_Supplied data:_
☆ ☆ ☆ ☆ ☆
(* Let $(R,\mathfrak m,k)$ be a Noetherian local ring of dimension $d$, $j\ge2$, and $M$ a finitely generated $R$-module with $\operatorname{pd}_RM=1$. If $M$ satisfies the $(SW_j)$ condition and $\beta_1^R(M)\ge d$, then $\beta_t^R(\mathcal S_j(M))\ge\binom{d}{t}$ for all $t=0,1,\dots,\operatorname{pd}_R\mathcal S_j(M)$.
   Context: $\beta_i^R(N)$ is the $i$-th Betti number (rank of the $i$-th module in a minimal free resolution of $N$). $\mathcal S_j(M)$ is the $j$-th graded component of the symmetric algebra $\mathcal S_R(M)$. For a free module $F$ of finite rank, $D_a(F)$ is the $a$-th divided power and $\Lambda^aF$ the $a$-th exterior power. For a minimal free resolution $\mathbf F_\bullet:0\to F_1\xrightarrow{\phi_1}F_0$ of $M$ (i.e. $\operatorname{Im}\phi_1\subseteq\mathfrak mF_0$), the complex $\mathcal S_j\mathbf F_\bullet$ is $0\to D_{j-l}F_0\otimes\Lambda^lF_1\to\cdots\to D_{j-1}F_0\otimes\Lambda^1F_1\to D_jF_0$, $l=\min\{\operatorname{rank}F_1,j\}$, with $(\mathcal S_j\mathbf F_\bullet)_t=D_{j-t}F_0\otimes\Lambda^tF_1$ and differential (up to sign) $f_1^{(c_1)}\cdots f_r^{(c_r)}\otimes(e_{1}\wedge\cdots\wedge e_{t})\mapsto\sum_s(-1)^s f_1^{(c_1)}\cdots f_r^{(c_r)}\cup\phi_1(e_{s})\otimes e_1\wedge\cdots\widehat{e_s}\cdots\wedge e_t$, where $\cup$ multiplies a divided power monomial by a basis element $f_m$ by raising the exponent of $f_m$ by one (extended linearly). $M$ satisfies the $(SW_j)$ condition if $\mathcal S_j\mathbf F_\bullet$ is a finite free resolution of $\mathcal S_j(M)$. Standing assumption: the characteristic of $R$ is such that this construction is a complex (e.g. small integers invertible in $R$). *)

theory Defs
  imports "HOL-Algebra.Ring_Divisibility" "HOL-Algebra.Module" "HOL-Algebra.Ideal"
    "HOL-Library.Multiset" "HOL-Library.Extended_Nat"
begin

definition local_ring :: "'a ring \<Rightarrow> bool" where
  "local_ring R \<longleftrightarrow> cring R \<and> noetherian_ring R \<and> (\<exists>!I. maximalideal I R)"

definition max_ideal :: "'a ring \<Rightarrow> 'a set" where
  "max_ideal R = (THE I. maximalideal I R)"

definition krull_dim :: "'a ring \<Rightarrow> enat" where
  "krull_dim R = Sup {enat n | n. \<exists>P. (\<forall>i\<le>n. primeideal (P i) R) \<and> (\<forall>i<n. P i \<subset> P (Suc i))}"

definition span :: "'a ring \<Rightarrow> ('a, 'b) module \<Rightarrow> 'b set \<Rightarrow> 'b set" where
  "span R M S = \<Inter>{K. submodule K R M \<and> S \<subseteq> K}"

definition fin_gen :: "'a ring \<Rightarrow> ('a, 'b) module \<Rightarrow> bool" where
  "fin_gen R M \<longleftrightarrow> (\<exists>S. finite S \<and> S \<subseteq> carrier M \<and> span R M S = carrier M)"

definition lin_map :: "'a ring \<Rightarrow> ('a, 'b) module \<Rightarrow> ('a, 'c) module \<Rightarrow> ('b \<Rightarrow> 'c) \<Rightarrow> bool" where
  "lin_map R M N f \<longleftrightarrow> f \<in> carrier M \<rightarrow> carrier N
     \<and> (\<forall>x\<in>carrier M. \<forall>y\<in>carrier M. f (x \<oplus>\<^bsub>M\<^esub> y) = f x \<oplus>\<^bsub>N\<^esub> f y)
     \<and> (\<forall>r\<in>carrier R. \<forall>x\<in>carrier M. f (r \<odot>\<^bsub>M\<^esub> x) = r \<odot>\<^bsub>N\<^esub> f x)"

definition lin_ker :: "('a, 'b) module \<Rightarrow> ('a, 'c) module \<Rightarrow> ('b \<Rightarrow> 'c) \<Rightarrow> 'b set" where
  "lin_ker M N f = {x \<in> carrier M. f x = \<zero>\<^bsub>N\<^esub>}"

definition free_on :: "'a ring \<Rightarrow> 'c set \<Rightarrow> ('a, 'c \<Rightarrow> 'a) module" where
  "free_on R B = \<lparr> carrier = {v. (\<forall>x\<in>B. v x \<in> carrier R) \<and> (\<forall>x. x \<notin> B \<longrightarrow> v x = \<zero>\<^bsub>R\<^esub>)
                                  \<and> finite {x. v x \<noteq> \<zero>\<^bsub>R\<^esub>}},
                   monoid.mult = (\<lambda>v w. undefined), one = undefined,
                   zero = (\<lambda>x. \<zero>\<^bsub>R\<^esub>),
                   add = (\<lambda>v w x. v x \<oplus>\<^bsub>R\<^esub> w x),
                   smult = (\<lambda>r v x. r \<otimes>\<^bsub>R\<^esub> v x) \<rparr>"

definition quot_mod :: "'a ring \<Rightarrow> ('a, 'b) module \<Rightarrow> 'b set \<Rightarrow> ('a, 'b set) module" where
  "quot_mod R M K = \<lparr> carrier = (\<lambda>x. (\<lambda>k. x \<oplus>\<^bsub>M\<^esub> k) ` K) ` carrier M,
                   monoid.mult = (\<lambda>C D. undefined), one = undefined,
                   zero = K,
                   add = (\<lambda>C D. {c \<oplus>\<^bsub>M\<^esub> e | c e. c \<in> C \<and> e \<in> D}),
                   smult = (\<lambda>r C. {r \<odot>\<^bsub>M\<^esub> c \<oplus>\<^bsub>M\<^esub> k | c k. c \<in> C \<and> k \<in> K}) \<rparr>"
☆ ☆ ☆ ☆ ☆
_What to do:_ Match on "exists" and copy out every line of the entries that contains it.

_Exercise result:_
  "local_ring R \<longleftrightarrow> cring R \<and> noetherian_ring R \<and> (\<exists>!I. maximalideal I R)"
  "krull_dim R = Sup {enat n | n. \<exists>P. (\<forall>i\<le>n. primeideal (P i) R) \<and> (\<forall>i<n. P i \<subset> P (Suc i))}"
  "fin_gen R M \<longleftrightarrow> (\<exists>S. finite S \<and> S \<subseteq> carrier M \<and> span R M S = carrier M)"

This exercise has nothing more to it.